In July, the days would be long. The sun would shine. And everything about her life would change.
At last, thirty minutes after nearly sliding off the road, she rounded the bend and the magnificent old Lake Olympus Lodge spread out before her. Built in the 1920s, the hotel embraced the lake with wide arms. In the summer, it would be full of guests, all enjoying the most magnificent of US National Parks. Today, however, the entire complex—store, museum, gas station, maintenance shops, annex guest cabins, and of course, the massive main lodge—was cold and silent. Abandoned and forlorn.
Even after the stressful drive, Audrey couldn’t look at the lodge without thinking of Xavier.
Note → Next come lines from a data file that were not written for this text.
lemma sum_Pow_insert:
  fixes F :: "'a set \<Rightarrow> 'b::comm_monoid_add"
  assumes "finite N" "y \<notin> N"
  shows "(\<Sum>M\<in>Pow (insert y N). F M) = (\<Sum>M\<in>Pow N. F M) + (\<Sum>M\<in>Pow N. F (insert y M))"
proof -
  have "(\<Sum>M\<in>Pow (insert y N). F M) = (\<Sum>M\<in>Pow N. F M) + (\<Sum>M\<in>insert y ` Pow N. F M)"
    unfolding Pow_insert by (rule sum.union_disjoint) (use assms in auto)
  then show ?thesis
    by (simp add: sum.reindex[OF inj_on_insert_Pow[OF assms(2)]])
qed

lemma sum_Pow_split:
  fixes F :: "'a set \<Rightarrow> 'b::comm_monoid_add"
  assumes "finite M" "D \<subseteq> M"
  shows "(\<Sum>K\<in>Pow M. F K) = (\<Sum>A\<in>Pow (M - D). \<Sum>B\<in>Pow D. F (A \<union> B))"
proof -
  have "bij_betw (\<lambda>(A, B). A \<union> B) (Pow (M - D) \<times> Pow D) (Pow M)"
    by (rule bij_betwI[where g = "\<lambda>K. (K - D, K \<inter> D)"]) (use assms in auto)
  then show ?thesis
    by (simp add: sum.cartesian_product case_prod_unfold flip: sum.reindex_bij_betw)
qed

lemma sum_Pow_supsets:
  fixes F :: "'a set \<Rightarrow> 'b::comm_monoid_add"
  assumes "finite M" "D \<subseteq> M"
  shows "(\<Sum>K\<in>Pow M. if D \<subseteq> K then F (K - D) else 0) = (\<Sum>A\<in>Pow (M - D). F A)"
proof -
  have "(\<Sum>K\<in>Pow M. if D \<subseteq> K then F (K - D) else 0) = (\<Sum>K\<in>{K\<in>Pow M. D \<subseteq> K}. F (K - D))"
    using assms(1) by (subst sum.inter_filter) auto
  also have "\<dots> = (\<Sum>A\<in>Pow (M - D). F A)"
    by (rule sum.reindex_bij_witness[where i = "\<lambda>A. A \<union> D" and j = "\<lambda>K. K - D"]) (use assms in auto)
  finally show ?thesis .
qed

lemma mobius_insert:
  assumes "finite N" "y \<notin> N"
  shows "mobius \<Phi> (insert y N) = mobius (\<lambda>M. \<Phi> (insert y M)) N - mobius \<Phi> N"
proof -
  have "(\<Sum>M\<in>Pow N. (-1) ^ card (insert y N - M) * \<Phi> M) = - mobius \<Phi> N"
    unfolding mobius_def sum_negf[symmetric]
    by (intro sum.cong) (use assms in \<open>auto simp: insert_Diff_if finite_subset\<close>)
  moreover have "(\<Sum>M\<in>Pow N. (-1) ^ card (insert y N - insert y M) * \<Phi> (insert y M))
      = mobius (\<lambda>M. \<Phi> (insert y M)) N"
    unfolding mobius_def by (intro sum.cong) (use assms in auto)
  ultimately show ?thesis
    unfolding mobius_def[of _ "insert y N"] sum_Pow_insert[OF assms] by simp
qed

lemma mobius_sum_Pow:
  assumes "finite N"
  shows "mobius (\<lambda>M. \<Sum>K\<in>Pow M. h K) N = h N"
proof -
  have "h N = (\<Sum>M\<in>Pow N. (-1) ^ (card N - card M) * (\<Sum>K\<in>Pow M. h K))"
    by (rule inclusion_exclusion_mobius[OF _ assms]) simp
  then show ?thesis
    unfolding mobius_def using assms
    by (auto intro!: sum.cong simp: card_Diff_subset finite_subset)
qed

lemma sum_Pow_mobius:
  assumes "finite N"
  shows "(\<Sum>M\<in>Pow N. mobius \<Phi> M) = \<Phi> N"
proof -
  define g where "g T = (\<Sum>U\<in>Pow T. (-1) ^ card U * \<Phi> U)" for T
  have "mobius \<Phi> T = (-1) ^ card T * g T" if "finite T" for T
    unfolding mobius_def g_def sum_distrib_left
  proof (intro sum.cong refl)
    fix U assume "U \<in> Pow T"
    then have "(-1) ^ card (T - U) = ((-1) ^ (card T + card U) :: 'b)"
      using that by (simp add: card_Diff_subset finite_subset card_mono
          neg_one_power_add_eq_neg_one_power_diff)
    then show "(-1) ^ card (T - U) * \<Phi> U = (-1) ^ card T * ((-1) ^ card U * \<Phi> U)"
      by (simp add: power_add)
  qed
  moreover have "\<Phi> N = (\<Sum>T\<in>Pow N. (-1) ^ card T * g T)"
    by (rule inclusion_exclusion_symmetric[OF _ assms]) (simp add: g_def)
  ultimately show ?thesis
    using assms by (auto intro!: sum.cong simp: finite_subset)
qed

text \<open>The right-hand side \<open>h\<close> satisfies \<open>\<Sum>K\<subseteq>M. h K = \<Phi> M * (if D \<subseteq> M then c else 1)\<close>,
  so the claim is Moebius inversion.\<close>

lemma mobius_mult_if_subset:
  assumes "finite N" "finite D"
  shows "mobius (\<lambda>M. \<Phi> M * (if D \<subseteq> M then c else 1)) N
     = mobius \<Phi> N + (c - 1) * (if D \<subseteq> N then \<Sum>B\<in>Pow D. mobius \<Phi> ((N - D) \<union> B) else 0)"
    (is "_ = ?h N")
proof -
  have "(\<Sum>K\<in>Pow M. ?h K) = \<Phi> M * (if D \<subseteq> M then c else 1)" if "finite M" for M
  proof (cases "D \<subseteq> M")
    case True
    have "(\<Sum>K\<in>Pow M. if D \<subseteq> K then \<Sum>B\<in>Pow D. mobius \<Phi> ((K - D) \<union> B) else 0)
        = (\<Sum>A\<in>Pow (M - D). \<Sum>B\<in>Pow D. mobius \<Phi> (A \<union> B))"
      by (rule sum_Pow_supsets[OF that True])
    also have "\<dots> = \<Phi> M"
      by (simp add: that True sum_Pow_mobius flip: sum_Pow_split)
    finally have "(\<Sum>K\<in>Pow M. ?h K) = \<Phi> M + (c - 1) * \<Phi> M"
      using that by (simp add: sum.distrib sum_Pow_mobius flip: sum_distrib_left)
    then show ?thesis
      using True by (simp add: algebra_simps)
  next
    case False
    then have "\<not> D \<subseteq> K" if "K \<in> Pow M" for K
      using that by blast
    then show ?thesis
      using False \<open>finite M\<close> by (simp add: sum.distrib sum_Pow_mobius)
  qed
  then have "mobius (\<lambda>M. \<Phi> M * (if D \<subseteq> M then c else 1)) N = mobius (\<lambda>M. \<Sum>K\<in>Pow M. ?h K) N"
    using assms(1) by (intro mobius_cong) (simp add: finite_subset)
  also have "\<dots> = ?h N"
    by (rule mobius_sum_Pow[OF assms(1)])
  finally show ?thesis .
qed

lemma alpha_pow_nonneg: "(\<And>s. 0 \<le> alpha r s) \<Longrightarrow> 0 \<le> alpha_pow r S"
  unfolding alpha_pow_def by (rule prod_nonneg) auto

lemma alpha_pow_union:
  "finite A \<Longrightarrow> finite B \<Longrightarrow> A \<inter> B = {} \<Longrightarrow> alpha_pow r (A \<union> B) = alpha_pow r A * alpha_pow r B"
  unfolding alpha_pow_def by (rule prod.union_disjoint)

text \<open>Here \<open>g B\<close> is the value at \<open>A \<union> B\<close> on the fibre over \<open>A\<close>. Only the top \<open>B = D\<close> is
  perturbed; its extra terms are absorbed by the lower elements, using \<open>alpha_pow r (A \<union> D) = alpha_pow r (A \<union> B) * alpha_pow r (D - B)\<close>.\<close>

lemma fiber_perturbation_norm_le:
  fixes g :: "'a set \<Rightarrow> 'b::real_normed_field"
  assumes fin: "finite A" "finite D" and disj: "A \<inter> D = {}"
    and apos: "\<And>s. 0 \<le> alpha r s"
    and c_le: "norm c \<le> m"
    and c_S_le: "\<And>S. S \<noteq> {} \<Longrightarrow> S \<subseteq> D \<Longrightarrow> 1 + norm (c - 1) * alpha_pow r S \<le> m"
  shows "(\<Sum>B\<in>Pow D. norm (g B + (if B = D then (c - 1) * (\<Sum>B'\<in>Pow D. g B') else 0))
            * alpha_pow r (A \<union> B))
       \<le> m * (\<Sum>B\<in>Pow D. norm (g B) * alpha_pow r (A \<union> B))"
proof -
  let ?H = "\<lambda>B. norm (g B) * alpha_pow r (A \<union> B)"
  let ?P = "Pow D - {D}"
  have split: "(\<Sum>B\<in>Pow D. F B) = F D + (\<Sum>B\<in>?P. F B)" for F :: "'a set \<Rightarrow> 'c::comm_monoid_add"
    using fin(2) by (simp add: sum.remove)
  have w: "alpha_pow r (A \<union> D) = alpha_pow r (A \<union> B) * alpha_pow r (D - B)" if "B \<subseteq> D" for B
  proof -
    have "A \<union> D = (A \<union> B) \<union> (D - B)"
      using that by auto
    moreover have "(A \<union> B) \<inter> (D - B) = {}"
      using disj by auto
    ultimately show ?thesis
      using fin that by (simp add: alpha_pow_union finite_subset)
  qed
  have w_nonneg: "0 \<le> alpha_pow r S" for S
    using apos by (rule alpha_pow_nonneg)
  have "norm (g D + (c - 1) * (\<Sum>B\<in>Pow D. g B)) = norm (c * g D + (c - 1) * (\<Sum>B\<in>?P. g B))"
    by (simp add: split algebra_simps)
  also have "\<dots> \<le> norm c * norm (g D) + norm (c - 1) * (\<Sum>B\<in>?P. norm (g B))"
    by (rule order_trans[OF norm_triangle_ineq])
      (simp add: norm_mult mult_left_mono norm_sum)
  finally have "norm (g D + (c - 1) * (\<Sum>B\<in>Pow D. g B)) * alpha_pow r (A \<union> D)
      \<le> (norm c * norm (g D) + norm (c - 1) * (\<Sum>B\<in>?P. norm (g B))) * alpha_pow r (A \<union> D)"
    using w_nonneg by (rule mult_right_mono)
  also have "\<dots> = norm c * ?H D + (\<Sum>B\<in>?P. norm (c - 1) * norm (g B) * alpha_pow r (A \<union> D))"
    by (simp add: algebra_simps sum_distrib_left sum_distrib_right)
  also have "(\<Sum>B\<in>?P. norm (c - 1) * norm (g B) * alpha_pow r (A \<union> D))
      = (\<Sum>B\<in>?P. norm (c - 1) * alpha_pow r (D - B) * ?H B)"
    by (rule sum.cong) (auto simp: w mult_ac)
  finally have top: "norm (g D + (c - 1) * (\<Sum>B\<in>Pow D. g B)) * alpha_pow r (A \<union> D)
      \<le> norm c * ?H D + (\<Sum>B\<in>?P. norm (c - 1) * alpha_pow r (D - B) * ?H B)" .
  have rest: "(\<Sum>B\<in>?P. (1 + norm (c - 1) * alpha_pow r (D - B)) * ?H B) \<le> (\<Sum>B\<in>?P. m * ?H B)"
  proof (intro sum_mono mult_right_mono)
    fix B assume "B \<in> ?P"
    then show "1 + norm (c - 1) * alpha_pow r (D - B) \<le> m"
      by (intro c_S_le) auto
  qed (simp add: w_nonneg)
  have "norm c * ?H D \<le> m * ?H D"
    using c_le w_nonneg by (intro mult_right_mono) auto
  with top rest show ?thesis
    by (simp add: split sum.distrib algebra_simps flip: sum_distrib_left)
qed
It was a mixed bag of emotions. Part of her was glad she would never forget the surprising, intense, hot night spent in this very lodge. There’d been a magic she wanted to hold on to. But now that perfect night was tainted with betrayal.
Xavier had been an old friend of Jae’s, which should have made him trustworthy. Attraction had flared, hot and bright, probably blinding her.
He’d been handsome, sure, but it was his energy that spoke to her. Like her, he was an avid outdoor enthusiast. Plus, he’d been charming and funny and made her feel desirable after a breakup a year before that had left her questioning her choices.
Still, she’d accepted the no-strings fling for what it was, even if she did want more. There was no real future for them. She lived on the Olympic Peninsula and was only a year into her tenure at the job she’d wanted since she was eleven, and he lived…she didn’t even know where he lived. At the time, she’d assumed he was still in the Bay Area, near where he’d grown up with Jae.
They hadn’t exchanged phone numbers. He’d made it clear from the start that one night was all they’d have. As they said goodbye, it had stung, but she’d accepted it.
But then the home test stick indicated she was pregnant.
She’d been shocked. And elated. At thirty-eight, she was all too aware her biological clock was winding down. She hadn’t planned this pregnancy, and they’d used condoms to prevent it—apparently, expiration dates mattered—but she was glad neither of them had bothered to check the wrapper in the heat of the moment. She was thankful for the wild, impulsive night with Xavier.